Problem to solve » Word for word, print all of the entries below.

(Collected data)
________________

lemma minimal_levi_sequence_within:
  assumes "\<And>y. y \<in> q \<Longrightarrow> \<exists>a\<in>q \<inter> \<sigma> ` q. \<exists>b\<in>P. y = a + b" and "P \<subseteq> q"
    and "levi_order br \<sigma> q Z \<noteq> \<infinity>"
  shows "\<exists>zs. levi_sequence br \<sigma> q Z zs \<and> enat (length zs) = levi_order br \<sigma> q Z
           \<and> set zs \<subseteq> P"
proof -
  obtain zs where zs: "levi_sequence br \<sigma> q Z zs" "enat (length zs) = levi_order br \<sigma> q Z"
    using levi_order_attained[OF assms(3)] by blast
  have "\<exists>zs'. levi_sequence br \<sigma> q Z zs' \<and> length zs' = length ([] @ zs) \<and> set zs' \<subseteq> P"
    using zs by (intro minimal_levi_sequence_from_prefix[OF assms(1,2)]) simp_all
  then show ?thesis using zs(2) by auto
qed

end

lemma cr_bracketI:
  assumes "complex_lie_algebra smul br" and "anti_linear_involution smul br \<sigma>"
    and "complex_subalgebra smul br q"
  shows "cr_bracket br \<sigma> q"
proof (rule cr_bracket.intro)
  show "lie_ring br" using assms(1) by (rule complex_lie_algebra_imp_lie_ring)
  interpret vector_space smul using assms(1) unfolding complex_lie_algebra_def by blast
  have "subspace q" and "\<forall>x\<in>q. \<forall>y\<in>q. br x y \<in> q"
    using assms(3) unfolding complex_subalgebra_def by blast+
  then show "cr_bracket_axioms br \<sigma> q" using assms(2) unfolding anti_linear_involution_def
    by unfold_locales (simp_all add: subspace_add)
qed
lemma continuous_map_discrete_cylinder:
  assumes "continuous_map (subtopology shift_top X) (discrete_topology UNIV) f" "x \<in> X"
  shows "\<exists>K. finite K \<and> (\<forall>z\<in>X. (\<forall>i\<in>K. z i = x i) \<longrightarrow> f z = f x)"
proof -
  have "openin (subtopology shift_top X) {z \<in> X. f z = f x}"
    using assms(1) unfolding continuous_map_def
    by (auto simp: shift_top_def dest: spec[of _ "{f x}"])
  then obtain U where U: "openin shift_top U" "{z \<in> X. f z = f x} = U \<inter> X"
    by (auto simp: openin_subtopology)
  have "x \<in> U" using U(2) assms(2) by blast
  then obtain K where "finite K" "\<And>z. (\<forall>i\<in>K. z i = x i) \<Longrightarrow> z \<in> U"
    using openin_shift_top_cylinder[OF U(1)] by metis
  then show ?thesis using U(2) by blast
qed

lemma finite_int_abs_bound: "finite (K :: int set) \<Longrightarrow> \<exists>N::nat. \<forall>i\<in>K. \<bar>i\<bar> \<le> int N"
proof
  assume K: "finite K"
  show "\<forall>i\<in>K. \<bar>i\<bar> \<le> int (nat (Max (insert 0 (abs ` K))))"
  proof
    fix i assume "i \<in> K"
    then have "\<bar>i\<bar> \<le> Max (insert 0 (abs ` K))" using K by (intro Max_ge) auto
    then show "\<bar>i\<bar> \<le> int (nat (Max (insert 0 (abs ` K))))" by linarith
  qed
qed

text \<open>Compactness turns the cylinder neighbourhoods given by local constancy into finitely many.\<close>
lemma continuous_map_discrete_window:
  assumes "compactin shift_top X"
    and "continuous_map (subtopology shift_top X) (discrete_topology UNIV) f"
  shows "\<exists>N::nat. \<forall>x\<in>X. \<forall>z\<in>X. (\<forall>t. \<bar>t\<bar> \<le> int N \<longrightarrow> x t = z t) \<longrightarrow> f x = f z"
proof -
  have "\<forall>x\<in>X. \<exists>K. finite K \<and> (\<forall>z\<in>X. (\<forall>i\<in>K. z i = x i) \<longrightarrow> f z = f x)"
    using continuous_map_discrete_cylinder[OF assms(2)] by blast
  then obtain K where "\<forall>x\<in>X. finite (K x) \<and> (\<forall>z\<in>X. (\<forall>i\<in>K x. z i = x i) \<longrightarrow> f z = f x)"
    by (rule bchoice[elim_format]) blast
  then have K: "\<And>x. x \<in> X \<Longrightarrow> finite (K x)"
    "\<And>x z. x \<in> X \<Longrightarrow> z \<in> X \<Longrightarrow> \<forall>i\<in>K x. z i = x i \<Longrightarrow> f z = f x"
    by blast+
  let ?C = "\<lambda>x. {z. \<forall>i\<in>K x. z i = x i}"
  have "(\<forall>U\<in>?C ` X. openin shift_top U) \<and> X \<subseteq> \<Union>(?C ` X) \<longrightarrow>
      (\<exists>F. finite F \<and> F \<subseteq> ?C ` X \<and> X \<subseteq> \<Union>F)"
    using assms(1) unfolding compactin_def by (rule conjunct2[THEN spec])
  moreover have "\<forall>U\<in>?C ` X. openin shift_top U"
    using openin_shift_top_cylinder_set K(1) by blast
  ultimately have "\<exists>F. finite F \<and> F \<subseteq> ?C ` X \<and> X \<subseteq> \<Union>F"
    by blast
  then obtain F where F: "finite F" "F \<subseteq> ?C ` X" "X \<subseteq> \<Union>F"
    by blast
  then obtain Y where Y: "finite Y" "Y \<subseteq> X" "F = ?C ` Y"
    using finite_subset_image[OF F(1,2)] by blast
  have "finite (\<Union>y\<in>Y. K y)"
    using Y(1) by (rule finite_UN_I) (use Y(2) K(1) in blast)
  then obtain N :: nat where "\<forall>i\<in>(\<Union>y\<in>Y. K y). \<bar>i\<bar> \<le> int N"
    using finite_int_abs_bound by blast
  then have N: "\<bar>i\<bar> \<le> int N" if "y \<in> Y" "i \<in> K y" for y i
    using that by blast
  show ?thesis
  proof (intro exI ballI impI)
    fix x z assume x: "x \<in> X" and z: "z \<in> X" and agree: "\<forall>t. \<bar>t\<bar> \<le> int N \<longrightarrow> x t = z t"
    obtain y where y: "y \<in> Y" "x \<in> ?C y" using F(3) Y(3) x by blast
    have yX: "y \<in> X" using y(1) Y(2) by blast
    have "\<forall>i\<in>K y. z i = y i"
    proof
      fix i assume i: "i \<in> K y"
      then have "z i = x i" using agree N[OF y(1) i] by simp
      then show "z i = y i" using y(2) i by simp
    qed
    then have "f z = f y" using K(2)[OF yX z] by blast
    moreover have "f x = f y" using K(2)[OF yX x] y(2) by blast
    ultimately show "f x = f z" by simp
  qed
qed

________________

Answer to the exercise »
lemma minimal_levi_sequence_within:
  assumes "\<And>y. y \<in> q \<Longrightarrow> \<exists>a\<in>q \<inter> \<sigma> ` q. \<exists>b\<in>P. y = a + b" and "P \<subseteq> q"
    and "levi_order br \<sigma> q Z \<noteq> \<infinity>"
  shows "\<exists>zs. levi_sequence br \<sigma> q Z zs \<and> enat (length zs) = levi_order br \<sigma> q Z
           \<and> set zs \<subseteq> P"
proof -
  obtain zs where zs: "levi_sequence br \<sigma> q Z zs" "enat (length zs) = levi_order br \<sigma> q Z"
    using levi_order_attained[OF assms(3)] by blast
  have "\<exists>zs'. levi_sequence br \<sigma> q Z zs' \<and> length zs' = length ([] @ zs) \<and> set zs' \<subseteq> P"
    using zs by (intro minimal_levi_sequence_from_prefix[OF assms(1,2)]) simp_all
  then show ?thesis using zs(2) by auto
qed

end

lemma cr_bracketI:
  assumes "complex_lie_algebra smul br" and "anti_linear_involution smul br \<sigma>"
    and "complex_subalgebra smul br q"
  shows "cr_bracket br \<sigma> q"
proof (rule cr_bracket.intro)
  show "lie_ring br" using assms(1) by (rule complex_lie_algebra_imp_lie_ring)
  interpret vector_space smul using assms(1) unfolding complex_lie_algebra_def by blast
  have "subspace q" and "\<forall>x\<in>q. \<forall>y\<in>q. br x y \<in> q"
    using assms(3) unfolding complex_subalgebra_def by blast+
  then show "cr_bracket_axioms br \<sigma> q" using assms(2) unfolding anti_linear_involution_def
    by unfold_locales (simp_all add: subspace_add)
qed
lemma continuous_map_discrete_cylinder:
  assumes "continuous_map (subtopology shift_top X) (discrete_topology UNIV) f" "x \<in> X"
  shows "\<exists>K. finite K \<and> (\<forall>z\<in>X. (\<forall>i\<in>K. z i = x i) \<longrightarrow> f z = f x)"
proof -
  have "openin (subtopology shift_top X) {z \<in> X. f z = f x}"
    using assms(1) unfolding continuous_map_def
    by (auto simp: shift_top_def dest: spec[of _ "{f x}"])
  then obtain U where U: "openin shift_top U" "{z \<in> X. f z = f x} = U \<inter> X"
    by (auto simp: openin_subtopology)
  have "x \<in> U" using U(2) assms(2) by blast
  then obtain K where "finite K" "\<And>z. (\<forall>i\<in>K. z i = x i) \<Longrightarrow> z \<in> U"
    using openin_shift_top_cylinder[OF U(1)] by metis
  then show ?thesis using U(2) by blast
qed

lemma finite_int_abs_bound: "finite (K :: int set) \<Longrightarrow> \<exists>N::nat. \<forall>i\<in>K. \<bar>i\<bar> \<le> int N"
proof
  assume K: "finite K"
  show "\<forall>i\<in>K. \<bar>i\<bar> \<le> int (nat (Max (insert 0 (abs ` K))))"
  proof
    fix i assume "i \<in> K"
    then have "\<bar>i\<bar> \<le> Max (insert 0 (abs ` K))" using K by (intro Max_ge) auto
    then show "\<bar>i\<bar> \<le> int (nat (Max (insert 0 (abs ` K))))" by linarith
  qed
qed

text \<open>Compactness turns the cylinder neighbourhoods given by local constancy into finitely many.\<close>
lemma continuous_map_discrete_window:
  assumes "compactin shift_top X"
    and "continuous_map (subtopology shift_top X) (discrete_topology UNIV) f"
  shows "\<exists>N::nat. \<forall>x\<in>X. \<forall>z\<in>X. (\<forall>t. \<bar>t\<bar> \<le> int N \<longrightarrow> x t = z t) \<longrightarrow> f x = f z"
proof -
  have "\<forall>x\<in>X. \<exists>K. finite K \<and> (\<forall>z\<in>X. (\<forall>i\<in>K. z i = x i) \<longrightarrow> f z = f x)"
    using continuous_map_discrete_cylinder[OF assms(2)] by blast
  then obtain K where "\<forall>x\<in>X. finite (K x) \<and> (\<forall>z\<in>X. (\<forall>i\<in>K x. z i = x i) \<longrightarrow> f z = f x)"
    by (rule bchoice[elim_format]) blast
  then have K: "\<And>x. x \<in> X \<Longrightarrow> finite (K x)"
    "\<And>x z. x \<in> X \<Longrightarrow> z \<in> X \<Longrightarrow> \<forall>i\<in>K x. z i = x i \<Longrightarrow> f z = f x"
    by blast+
  let ?C = "\<lambda>x. {z. \<forall>i\<in>K x. z i = x i}"
  have "(\<forall>U\<in>?C ` X. openin shift_top U) \<and> X \<subseteq> \<Union>(?C ` X) \<longrightarrow>
      (\<exists>F. finite F \<and> F \<subseteq> ?C ` X \<and> X \<subseteq> \<Union>F)"
    using assms(1) unfolding compactin_def by (rule conjunct2[THEN spec])
  moreover have "\<forall>U\<in>?C ` X. openin shift_top U"
    using openin_shift_top_cylinder_set K(1) by blast
  ultimately have "\<exists>F. finite F \<and> F \<subseteq> ?C ` X \<and> X \<subseteq> \<Union>F"
    by blast
  then obtain F where F: "finite F" "F \<subseteq> ?C ` X" "X \<subseteq> \<Union>F"
    by blast
  then obtain Y where Y: "finite Y" "Y \<subseteq> X" "F = ?C ` Y"
    using finite_subset_image[OF F(1,2)] by blast
  have "finite (\<Union>y\<in>Y. K y)"
    using Y(1) by (rule finite_UN_I) (use Y(2) K(1) in blast)
  then obtain N :: nat where "\<forall>i\<in>(\<Union>y\<in>Y. K y). \<bar>i\<bar> \<le> int N"
    using finite_int_abs_bound by blast
  then have N: "\<bar>i\<bar> \<le> int N" if "y \<in> Y" "i \<in> K y" for y i
    using that by blast
  show ?thesis
  proof (intro exI ballI impI)
    fix x z assume x: "x \<in> X" and z: "z \<in> X" and agree: "\<forall>t. \<bar>t\<bar> \<le> int N \<longrightarrow> x t = z t"
    obtain y where y: "y \<in> Y" "x \<in> ?C y" using F(3) Y(3) x by blast
    have yX: "y \<in> X" using y(1) Y(2) by blast
    have "\<forall>i\<in>K y. z i = y i"
    proof
      fix i assume i: "i \<in> K y"
      then have "z i = x i" using agree N[OF y(1) i] by simp
      then show "z i = y i" using y(2) i by simp
    qed
    then have "f z = f y" using K(2)[OF yX z] by blast
    moreover have "f x = f y" using K(2)[OF yX x] y(2) by blast
    ultimately show "f x = f z" by simp
  qed
qed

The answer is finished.